=== Section Start ===

(* Let $G$ be a graph and let $\{A,B\}$ be a near partition of $V(G)$ (i.e. $A\cap B=\emptyset$, $A\cup B=V(G)$, with $A$ or $B$ possibly empty). Then $$\mathrm{cmp}(G)\le \max\{\mathrm{cmp}(G[A]),\mathrm{cmp}(G[B])\}+|N_G(B)|.$$
   Context: All graphs are finite and simple. $G[X]$ is the induced subgraph on $X$, and $N_G(X)$ is the set of vertices outside $X$ having a neighbor in $X$. A forest decomposition of a graph $G$ is a pair $(F,(W_x)_{x\in V(F)})$ where $F$ is a forest and $W_x\subseteq V(G)$, such that (1) for every vertex $u$ of $G$, $\{x\in V(F)\mid u\in W_x\}$ induces a nonempty connected subgraph of $F$, and (2) every edge $uv$ of $G$ has both ends in some bag $W_x$. Its width is the maximum size of a bag minus one. It is suitable if additionally (3) $F$ is a subgraph of $G$ with $V(F)=V(G)$, and (4) $u\in W_u$ for every $u\in V(G)$. Every graph has a suitable forest decomposition. The complexity $\mathrm{cmp}(G)$ is the minimum width of a suitable forest decomposition of $G$, with the convention $\mathrm{cmp}(G)=0$ if $G$ has no vertices. *)

theory Defs
  imports Main
begin

definition graph :: "'a set \<Rightarrow> 'a set set \<Rightarrow> bool" where
  "graph V E \<longleftrightarrow> finite V \<and>
     (\<forall>e\<in>E. \<exists>u v. u \<noteq> v \<and> e = {u, v} \<and> u \<in> V \<and> v \<in> V)"

definition induced_edges :: "'a set set \<Rightarrow> 'a set \<Rightarrow> 'a set set" where
  "induced_edges E X = {e \<in> E. e \<subseteq> X}"

definition nbhd :: "'a set \<Rightarrow> 'a set set \<Rightarrow> 'a set \<Rightarrow> 'a set" where
  "nbhd V E X = {v \<in> V - X. \<exists>u\<in>X. {u, v} \<in> E}"

definition is_cycle :: "'a set set \<Rightarrow> 'a list \<Rightarrow> bool" where
  "is_cycle E vs \<longleftrightarrow> distinct vs \<and> length vs \<ge> 3 \<and>
     (\<forall>i < length vs. {vs ! i, vs ! ((i + 1) mod length vs)} \<in> E)"

definition forest :: "'a set \<Rightarrow> 'a set set \<Rightarrow> bool" where
  "forest V E \<longleftrightarrow> graph V E \<and> (\<nexists>vs. is_cycle E vs)"

definition connected_in :: "'a set set \<Rightarrow> 'a set \<Rightarrow> bool" where
  "connected_in E X \<longleftrightarrow>
     (\<forall>x\<in>X. \<forall>y\<in>X. (\<lambda>a b. a \<in> X \<and> b \<in> X \<and> {a, b} \<in> E)\<^sup>*\<^sup>* x y)"

definition suitable_fd :: "'a set \<Rightarrow> 'a set set \<Rightarrow> 'a set set \<Rightarrow> ('a \<Rightarrow> 'a set) \<Rightarrow> bool" where
  "suitable_fd V E EF W \<longleftrightarrow>
     forest V EF \<and> EF \<subseteq> E \<and>
     (\<forall>x\<in>V. W x \<subseteq> V) \<and>
     (\<forall>u\<in>V. {x \<in> V. u \<in> W x} \<noteq> {} \<and> connected_in EF {x \<in> V. u \<in> W x}) \<and>
     (\<forall>e\<in>E. \<exists>x\<in>V. e \<subseteq> W x) \<and>
     (\<forall>u\<in>V. u \<in> W u)"

definition fd_width :: "'a set \<Rightarrow> ('a \<Rightarrow> 'a set) \<Rightarrow> nat" where
  "fd_width V W = Max ((\<lambda>x. card (W x)) ` V) - 1"

definition cmp :: "'a set \<Rightarrow> 'a set set \<Rightarrow> nat" where
  "cmp V E = (if V = {} then 0 else
     (LEAST k. \<exists>EF W. suitable_fd V E EF W \<and> fd_width V W = k))"

end

theory Submission
  imports Defs
begin

(* Take optimal suitable decompositions of G[A] and G[B]. Side by side they form a suitable
   decomposition of the graph with edge set E[A] \<union> E[B] over the forest FA \<union> FB. Extend this
   forest to a maximal spanning forest F of G, so that the ends of every edge of G lie in one
   component of F, and add each vertex u of N = N_G(B) to every bag of its F-component. The nodes
   whose bags contain u then form exactly that component, and an edge pq with p in A and q in B has
   p in N, so it is covered by the bag of q. Each bag grows by at most |N|. *)

definition reach :: "'a set set \<Rightarrow> 'a \<Rightarrow> 'a \<Rightarrow> bool" where
  "reach F = (\<lambda>a b. {a, b} \<in> F)\<^sup>*\<^sup>*"

definition component :: "'a set \<Rightarrow> 'a set set \<Rightarrow> 'a \<Rightarrow> 'a set" where
  "component V F x = {y \<in> V. reach F x y}"

lemma reach_refl [simp]: "reach F x x"
  unfolding reach_def by simp

lemma reach_edge: "{x, y} \<in> F \<Longrightarrow> reach F x y"
  unfolding reach_def by (rule r_into_rtranclp)

lemma reach_trans: "reach F x y \<Longrightarrow> reach F y z \<Longrightarrow> reach F x z"
  unfolding reach_def by (rule rtranclp_trans)

lemma reach_sym: "reach F x y \<Longrightarrow> reach F y x"
proof -
  have "symp (\<lambda>a b. {a, b} \<in> F)"
    by (rule sympI) (simp add: insert_commute)
  then show "reach F x y \<Longrightarrow> reach F y x"
    unfolding reach_def by (blast dest: symp_rtranclp sympD)
qed

lemma reach_mono: "reach F x y \<Longrightarrow> F \<subseteq> F' \<Longrightarrow> reach F' x y"
  unfolding reach_def by (erule rtranclp_mono[THEN predicate2D, rotated]) auto

lemma connected_in_reach:
  assumes "connected_in F X" "x \<in> X" "y \<in> X"
  shows "reach F x y"
proof -
  have "(\<lambda>a b. a \<in> X \<and> b \<in> X \<and> {a, b} \<in> F)\<^sup>*\<^sup>* x y"
    using assms unfolding connected_in_def by blast
  then show ?thesis
    unfolding reach_def by (rule rtranclp_mono[THEN predicate2D, rotated]) auto
qed

lemma connected_in_mono: "connected_in F X \<Longrightarrow> F \<subseteq> F' \<Longrightarrow> connected_in F' X"
  unfolding connected_in_def
  by (blast intro: rtranclp_mono[THEN predicate2D, rotated])

lemma graph_edgeE:
  assumes "graph V E" "e \<in> E"
  obtains u v where "e = {u, v}" "u \<noteq> v" "u \<in> V" "v \<in> V"
  using assms unfolding graph_def by blast

lemma graph_edge_subset: "graph V E \<Longrightarrow> e \<in> E \<Longrightarrow> e \<subseteq> V"
  by (erule graph_edgeE) auto

lemma graph_doubleton_edge:
  "graph V E \<Longrightarrow> {x, y} \<in> E \<Longrightarrow> x \<in> V \<and> y \<in> V \<and> x \<noteq> y"
  by (erule graph_edgeE) (auto simp: doubleton_eq_iff)

lemma graph_finite_edges: "graph V E \<Longrightarrow> finite E"
  using graph_edge_subset unfolding graph_def
  by (meson PowI finite_Pow_iff finite_subset subsetI)

lemma graph_Un:
  assumes "graph A FA" "graph B FB"
  shows "graph (A \<union> B) (FA \<union> FB)"
  unfolding graph_def
proof (intro conjI ballI)
  show "finite (A \<union> B)"
    using assms unfolding graph_def by simp
  fix e assume "e \<in> FA \<union> FB"
  then show "\<exists>u v. u \<noteq> v \<and> e = {u, v} \<and> u \<in> A \<union> B \<and> v \<in> A \<union> B"
    by (elim UnE graph_edgeE[OF assms(1)] graph_edgeE[OF assms(2)]) blast+
qed

lemma graph_induced_edges:
  assumes G: "graph V E" and "X \<subseteq> V"
  shows "graph X (induced_edges E X)"
  unfolding graph_def
proof (intro conjI ballI)
  show "finite X"
    using G finite_subset[OF \<open>X \<subseteq> V\<close>] unfolding graph_def by blast
  fix e assume "e \<in> induced_edges E X"
  then have "e \<in> E" "e \<subseteq> X"
    unfolding induced_edges_def by simp_all
  then show "\<exists>u v. u \<noteq> v \<and> e = {u, v} \<and> u \<in> X \<and> v \<in> X"
    by (elim graph_edgeE[OF G]) blast
qed

lemma connected_in_component:
  assumes G: "graph V F" and "u \<in> V"
  shows "connected_in F (component V F u)"
proof -
  let ?C = "component V F u"
  let ?R = "\<lambda>a b. a \<in> ?C \<and> b \<in> ?C \<and> {a, b} \<in> F"
  have from_u: "?R\<^sup>*\<^sup>* u x" if "reach F u x" for x
    using that unfolding reach_def
  proof (induction rule: rtranclp_induct)
    case (step y z)
    then have "reach F u y" "reach F u z"
      unfolding reach_def by (auto intro: rtranclp.rtrancl_into_rtrancl)
    with step.hyps(2) have "?R y z"
      using graph_doubleton_edge[OF G] unfolding component_def by blast
    with step.IH show ?case by (rule rtranclp.rtrancl_into_rtrancl)
  qed simp
  have "symp ?R"
    by (rule sympI) (auto simp: insert_commute)
  then have "?R\<^sup>*\<^sup>* x y" if "x \<in> ?C" "y \<in> ?C" for x y
    using from_u that unfolding component_def
    by (metis (no_types, lifting) mem_Collect_eq rtranclp_trans symp_rtranclp sympD)
  then show ?thesis unfolding connected_in_def by blast
qed

lemma cycle_edge:
  "is_cycle E vs \<Longrightarrow> i < length vs \<Longrightarrow> {vs ! i, vs ! ((i + 1) mod length vs)} \<in> E"
  unfolding is_cycle_def by blast

lemma mod_succ_succ_neq:
  fixes i n :: nat
  assumes "i < n" "3 \<le> n"
  shows "((i + 1) mod n + 1) mod n \<noteq> i"
  using assms by (cases "i + 1 = n"; cases "i + 2 = n") (auto simp: mod_if)

lemma cycle_edge_index_unique:
  assumes cyc: "is_cycle E vs" and ij: "i < length vs" "j < length vs"
    and same: "{vs ! i, vs ! ((i + 1) mod length vs)} = {vs ! j, vs ! ((j + 1) mod length vs)}"
  shows "i = j"
proof (rule ccontr)
  let ?n = "length vs"
  have n: "3 \<le> ?n" and dist: "distinct vs"
    using cyc unfolding is_cycle_def by auto
  then have "0 < ?n"
    by linarith
  then have succ: "(i + 1) mod ?n < ?n" "(j + 1) mod ?n < ?n"
    by simp_all
  assume "i \<noteq> j"
  then have "vs ! i = vs ! ((j + 1) mod ?n)" "vs ! j = vs ! ((i + 1) mod ?n)"
    using same nth_eq_iff_index_eq[OF dist ij] unfolding doubleton_eq_iff by auto
  then have "(j + 1) mod ?n = i" "(i + 1) mod ?n = j"
    using nth_eq_iff_index_eq[OF dist] ij succ by simp_all
  then have "((i + 1) mod ?n + 1) mod ?n = i"
    by (simp only:)
  with mod_succ_succ_neq[OF ij(1) n] show False
    by contradiction
qed

lemma cycle_reach_around:
  assumes cyc: "is_cycle E vs" and i: "i < length vs"
    and others: "\<And>j. j < length vs \<Longrightarrow> j \<noteq> i \<Longrightarrow> {vs ! j, vs ! ((j + 1) mod length vs)} \<in> F"
  shows "reach F (vs ! ((i + 1) mod length vs)) (vs ! i)"
proof -
  let ?n = "length vs"
  have "0 < ?n"
    using i by linarith
  have around: "reach F (vs ! ((i + 1) mod ?n)) (vs ! ((i + 1 + k) mod ?n))" if "k < ?n" for k
    using that
  proof (induction k)
    case (Suc k)
    let ?j = "(i + 1 + k) mod ?n"
    have "?j \<noteq> i"
      using i Suc.prems by (cases "i + 1 + k < ?n") (auto simp: le_mod_geq)
    then have "{vs ! ?j, vs ! ((i + 1 + Suc k) mod ?n)} \<in> F"
      using others[of ?j] \<open>0 < ?n\<close> by (simp add: mod_Suc_eq)
    then have "reach F (vs ! ?j) (vs ! ((i + 1 + Suc k) mod ?n))"
      by (rule reach_edge)
    moreover have "reach F (vs ! ((i + 1) mod ?n)) (vs ! ?j)"
      using Suc by simp
    ultimately show ?case
      by (rule reach_trans[rotated])
  qed simp
  have "i + 1 + (?n - 1) = i + ?n"
    using \<open>0 < ?n\<close> by simp
  then have "(i + 1 + (?n - 1)) mod ?n = i"
    using i by simp
  with around[of "?n - 1"] \<open>0 < ?n\<close> show ?thesis
    by (metis diff_less zero_less_one)
qed

lemma forest_empty: "finite V \<Longrightarrow> forest V {}"
  unfolding forest_def graph_def is_cycle_def by fastforce

lemma forest_insert_edge:
  assumes F: "forest V F" and ab: "a \<in> V" "b \<in> V" "a \<noteq> b" and unlinked: "\<not> reach F a b"
  shows "forest V (insert {a, b} F)"
proof -
  have "\<not> is_cycle (insert {a, b} F) vs" for vs
  proof
    assume cyc: "is_cycle (insert {a, b} F) vs"
    let ?n = "length vs"
    let ?e = "\<lambda>i. {vs ! i, vs ! ((i + 1) mod ?n)}"
    have "\<not> is_cycle F vs"
      using F unfolding forest_def by blast
    then obtain i where i: "i < ?n" "?e i \<notin> F"
      using cyc unfolding is_cycle_def by auto
    then have ei: "?e i = {a, b}"
      using cycle_edge[OF cyc] by blast
    have "?e j \<in> F" if "j < ?n" "j \<noteq> i" for j
      using cycle_edge[OF cyc that(1)] cycle_edge_index_unique[OF cyc i(1) that(1)] ei that(2)
      by auto
    then have "reach F (vs ! ((i + 1) mod ?n)) (vs ! i)"
      by (rule cycle_reach_around[OF cyc i(1)])
    with ei unlinked show False
      unfolding doubleton_eq_iff by (blast dest: reach_sym)
  qed
  with F ab show ?thesis
    unfolding forest_def graph_def by blast
qed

=== Section End ===

_Problem to work on_: From the records above, print only the lines between the one holding "(\<forall>i < length" and the one holding "F = (\<lambda>a", inclusive, exactly as they stand.

_Written answer_:
     (\<forall>i < length vs. {vs ! i, vs ! ((i + 1) mod length vs)} \<in> E)"

definition forest :: "'a set \<Rightarrow> 'a set set \<Rightarrow> bool" where
  "forest V E \<longleftrightarrow> graph V E \<and> (\<nexists>vs. is_cycle E vs)"

definition connected_in :: "'a set set \<Rightarrow> 'a set \<Rightarrow> bool" where
  "connected_in E X \<longleftrightarrow>
     (\<forall>x\<in>X. \<forall>y\<in>X. (\<lambda>a b. a \<in> X \<and> b \<in> X \<and> {a, b} \<in> E)\<^sup>*\<^sup>* x y)"

definition suitable_fd :: "'a set \<Rightarrow> 'a set set \<Rightarrow> 'a set set \<Rightarrow> ('a \<Rightarrow> 'a set) \<Rightarrow> bool" where
  "suitable_fd V E EF W \<longleftrightarrow>
     forest V EF \<and> EF \<subseteq> E \<and>
     (\<forall>x\<in>V. W x \<subseteq> V) \<and>
     (\<forall>u\<in>V. {x \<in> V. u \<in> W x} \<noteq> {} \<and> connected_in EF {x \<in> V. u \<in> W x}) \<and>
     (\<forall>e\<in>E. \<exists>x\<in>V. e \<subseteq> W x) \<and>
     (\<forall>u\<in>V. u \<in> W u)"

definition fd_width :: "'a set \<Rightarrow> ('a \<Rightarrow> 'a set) \<Rightarrow> nat" where
  "fd_width V W = Max ((\<lambda>x. card (W x)) ` V) - 1"

definition cmp :: "'a set \<Rightarrow> 'a set set \<Rightarrow> nat" where
  "cmp V E = (if V = {} then 0 else
     (LEAST k. \<exists>EF W. suitable_fd V E EF W \<and> fd_width V W = k))"

end

theory Submission
  imports Defs
begin

(* Take optimal suitable decompositions of G[A] and G[B]. Side by side they form a suitable
   decomposition of the graph with edge set E[A] \<union> E[B] over the forest FA \<union> FB. Extend this
   forest to a maximal spanning forest F of G, so that the ends of every edge of G lie in one
   component of F, and add each vertex u of N = N_G(B) to every bag of its F-component. The nodes
   whose bags contain u then form exactly that component, and an edge pq with p in A and q in B has
   p in N, so it is covered by the bag of q. Each bag grows by at most |N|. *)

definition reach :: "'a set set \<Rightarrow> 'a \<Rightarrow> 'a \<Rightarrow> bool" where
  "reach F = (\<lambda>a b. {a, b} \<in> F)\<^sup>*\<^sup>*"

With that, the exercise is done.